▶ Problem to work on: Search the records below for the string "Fubini", and report each line that contains it.

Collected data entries
text \<open>Transition probability of the Markov jump process (X,L): from state (x,l), the law of
  (X(t),L(t)) in A.  The current hold time H has law tau(.|x) conditioned on H > l; if
  H - l > t no jump has happened yet, otherwise the chain jumps at time H - l to
  x' ~ kc x H and then restarts afresh.\<close>
definition trans_XL ::
  "('a \<Rightarrow> real measure) \<Rightarrow> ('a \<Rightarrow> real \<Rightarrow> 'a measure) \<Rightarrow> real \<Rightarrow> 'a \<Rightarrow> real \<Rightarrow> ('a \<times> real) set \<Rightarrow> ennreal"
where
  "trans_XL \<tau> kc t x l A =
     (\<integral>\<^sup>+ h. indicator {l<..} h *
        (if t < h - l then indicator A (x, l + t)
         else \<integral>\<^sup>+ x'. fresh_law \<tau> kc x' (t - (h - l)) A \<partial>kc x h) \<partial>\<tau> x)
     / emeasure (\<tau> x) {l<..}"

definition mean_hold :: "('a \<Rightarrow> real measure) \<Rightarrow> 'a \<Rightarrow> real" where
  "mean_hold \<tau> x = (\<integral> h. h \<partial>\<tau> x)"

definition mean_hold_total :: "'a measure \<Rightarrow> ('a \<Rightarrow> real measure) \<Rightarrow> real" where
  "mean_hold_total \<pi> \<tau> = (\<integral> x. mean_hold \<tau> x \<partial>\<pi>)"

definition anytime_dist :: "'a measure \<Rightarrow> ('a \<Rightarrow> real measure) \<Rightarrow> ('a \<times> real) measure" where
  "anytime_dist \<pi> \<tau> = density (\<pi> \<Otimes>\<^sub>M lborel)
     (\<lambda>(x, l). ennreal (indicator {0..} l * measure (\<tau> x) {l<..} / mean_hold_total \<pi> \<tau>))"

end

theory Submission
  imports Defs
begin

text \<open>
  Unnormalised, the anytime distribution is pi(dx) Fbar(l|x) dl on l \<ge> 0. Given the hold time h
  of the current state x, the lag l is uniform on [0, h), so by Fubini both sides of the invariance
  equation at time t become pi(dx) tau(dh|x)-integrals of integrals along the lag. Lags that see
  no jump before time t contribute the same term to both sides. The rest equates the mass found in
  A after a jump with the mass of A at lags below min t h; this follows from the renewal equation
  of the process restarted at a jump, integrated over [0, t), and the stationarity of pi under
  kappa = tau \<otimes> kc.
\<close>

lemma measurable_nn_integral_kernel[measurable (raw)]:
  assumes "L \<in> N \<rightarrow>\<^sub>M subprob_algebra P"
    and "case_prod f \<in> borel_measurable (N \<Otimes>\<^sub>M P)"
  shows "(\<lambda>x. \<integral>\<^sup>+ y. f x y \<partial>L x) \<in> borel_measurable N"
  using nn_integral_measurable_subprob_algebra2[OF assms(2,1)] by simp

(* The measurability prover does not split membership in an interval with varying endpoints. *)
lemma pred_mem_atMost[measurable (raw)]:
  fixes f g :: "'b \<Rightarrow> 'c::{linorder_topology, second_countable_topology}"
  assumes [measurable]: "f \<in> borel_measurable N" "g \<in> borel_measurable N"
  shows "Measurable.pred N (\<lambda>x. f x \<in> {..g x})"
  by simp measurable

lemma pred_mem_greaterThan[measurable (raw)]:
  fixes f g :: "'b \<Rightarrow> 'c::{linorder_topology, second_countable_topology}"
  assumes [measurable]: "f \<in> borel_measurable N" "g \<in> borel_measurable N"
  shows "Measurable.pred N (\<lambda>x. f x \<in> {g x<..})"
  by simp measurable

lemma pred_mem_lessThan[measurable (raw)]:
  fixes f g :: "'b \<Rightarrow> 'c::{linorder_topology, second_countable_topology}"
  assumes [measurable]: "f \<in> borel_measurable N" "g \<in> borel_measurable N"
  shows "Measurable.pred N (\<lambda>x. f x \<in> {..<g x})"
  by simp measurable

lemma pred_mem_atLeastLessThan[measurable (raw)]:
  fixes f g k :: "'b \<Rightarrow> 'c::{linorder_topology, second_countable_topology}"
  assumes [measurable]: "f \<in> borel_measurable N" "g \<in> borel_measurable N" "k \<in> borel_measurable N"
  shows "Measurable.pred N (\<lambda>x. f x \<in> {g x..<k x})"
  by simp measurable

section \<open>Integrals along the real line\<close>

lemma set_nn_integral_lborel_split:
  fixes f :: "real \<Rightarrow> ennreal"
  assumes [measurable]: "f \<in> borel_measurable borel" and "a \<le> b" "b \<le> c"
  shows "(\<integral>\<^sup>+r\<in>{a..<c}. f r \<partial>lborel) = (\<integral>\<^sup>+r\<in>{a..<b}. f r \<partial>lborel) + (\<integral>\<^sup>+r\<in>{b..<c}. f r \<partial>lborel)"
  using nn_integral_disjoint_pair[of f lborel "{a..<b}" "{b..<c}"] ivl_disj_un_two(3)[OF assms(2,3)]
  by simp

lemma set_nn_integral_lborel_shift:
  fixes f :: "real \<Rightarrow> ennreal"
  assumes [measurable]: "f \<in> borel_measurable borel"
  shows "(\<integral>\<^sup>+r\<in>{a..<b}. f r \<partial>lborel) = (\<integral>\<^sup>+r\<in>{a - c..<b - c}. f (r + c) \<partial>lborel)"
proof -
  have "(\<integral>\<^sup>+r\<in>{a..<b}. f r \<partial>lborel)
      = ennreal \<bar>1\<bar> * (\<integral>\<^sup>+r. f (c + 1 * r) * indicator {a..<b} (c + 1 * r) \<partial>lborel)"
    by (rule nn_integral_real_affine) simp_all
  also have "\<dots> = (\<integral>\<^sup>+r\<in>{a - c..<b - c}. f (r + c) \<partial>lborel)"
    unfolding abs_one ennreal_1 mult_1 by (intro nn_integral_cong) (auto simp: indicator_def add.commute)
  finally show ?thesis .
qed

lemma nn_integral_lborel_swap:
  fixes \<mu> :: "'b measure"
  assumes "sigma_finite_measure \<mu>" and "sets \<mu> = sets N"
    and "case_prod f \<in> borel_measurable (N \<Otimes>\<^sub>M borel)"
  shows "(\<integral>\<^sup>+r. \<integral>\<^sup>+y. f y r \<partial>\<mu> \<partial>lborel) = (\<integral>\<^sup>+y. \<integral>\<^sup>+r. f y r \<partial>lborel \<partial>\<mu>)"
proof -
  interpret pair_sigma_finite \<mu> lborel
    by (intro pair_sigma_finite.intro assms(1) lborel.sigma_finite_measure_axioms)
  have "sets (\<mu> \<Otimes>\<^sub>M lborel) = sets (N \<Otimes>\<^sub>M borel)"
    by (intro sets_pair_measure_cong assms(2)) simp
  then have "case_prod f \<in> borel_measurable (\<mu> \<Otimes>\<^sub>M lborel)"
    using assms(3) measurable_cong_sets by blast
  then show ?thesis by (rule Fubini')
qed

lemma nn_integral_survival:
  fixes \<mu> :: "real measure"
  assumes "sigma_finite_measure \<mu>" and "sets \<mu> = sets borel"
    and [measurable]: "g \<in> borel_measurable borel" "S \<in> sets borel"
  shows "(\<integral>\<^sup>+l\<in>S. emeasure \<mu> {l<..} * g l \<partial>lborel) = (\<integral>\<^sup>+h. (\<integral>\<^sup>+l\<in>S \<inter> {..<h}. g l \<partial>lborel) \<partial>\<mu>)"
proof -
  have "(\<integral>\<^sup>+l\<in>S. emeasure \<mu> {l<..} * g l \<partial>lborel) = (\<integral>\<^sup>+l. \<integral>\<^sup>+h. g l * indicator (S \<inter> {..<h}) l \<partial>\<mu> \<partial>lborel)"
  proof (intro nn_integral_cong)
    fix l
    have "(\<integral>\<^sup>+h. g l * indicator (S \<inter> {..<h}) l \<partial>\<mu>) = (\<integral>\<^sup>+h. (g l * indicator S l) * indicator {l<..} h \<partial>\<mu>)"
      by (intro nn_integral_cong) (auto simp: indicator_def)
    also have "\<dots> = g l * indicator S l * emeasure \<mu> {l<..}"
      using assms(2) by (intro nn_integral_cmult_indicator) simp
    finally show "emeasure \<mu> {l<..} * g l * indicator S l = (\<integral>\<^sup>+h. g l * indicator (S \<inter> {..<h}) l \<partial>\<mu>)"
      by (simp add: ac_simps)
  qed
  also have "\<dots> = (\<integral>\<^sup>+h. (\<integral>\<^sup>+l\<in>S \<inter> {..<h}. g l \<partial>lborel) \<partial>\<mu>)"
    by (rule nn_integral_lborel_swap[OF assms(1,2)]) measurable
  finally show ?thesis .
qed

lemma nn_integral_survival_eq_mean:
  fixes \<mu> :: "real measure"
  assumes "finite_measure \<mu>" and "sets \<mu> = sets borel"
    and "AE h in \<mu>. 0 \<le> h" and "integrable \<mu> (\<lambda>h. h)"
  shows "(\<integral>\<^sup>+l\<in>{0..}. emeasure \<mu> {l<..} \<partial>lborel) = ennreal (\<integral>h. h \<partial>\<mu>)"
proof -
  interpret finite_measure \<mu> by fact
  have "(\<integral>\<^sup>+l\<in>{0..}. emeasure \<mu> {l<..} \<partial>lborel) = (\<integral>\<^sup>+h. (\<integral>\<^sup>+l\<in>{0..} \<inter> {..<h}. 1 \<partial>lborel) \<partial>\<mu>)"
    using nn_integral_survival[OF sigma_finite_measure_axioms assms(2), of "\<lambda>_. 1" "{0..}"] by simp
  also have "\<dots> = (\<integral>\<^sup>+h. ennreal h \<partial>\<mu>)"
    using assms(3) by (intro nn_integral_cong_AE) (auto simp: atLeastLessThan_def[symmetric])
  also have "\<dots> = ennreal (\<integral>h. h \<partial>\<mu>)"
    using assms(3,4) by (intro nn_integral_eq_integral)
  finally show ?thesis .
qed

▶ Written answer:
  of the current state x, the lag l is uniform on [0, h), so by Fubini both sides of the invariance
  then show ?thesis by (rule Fubini')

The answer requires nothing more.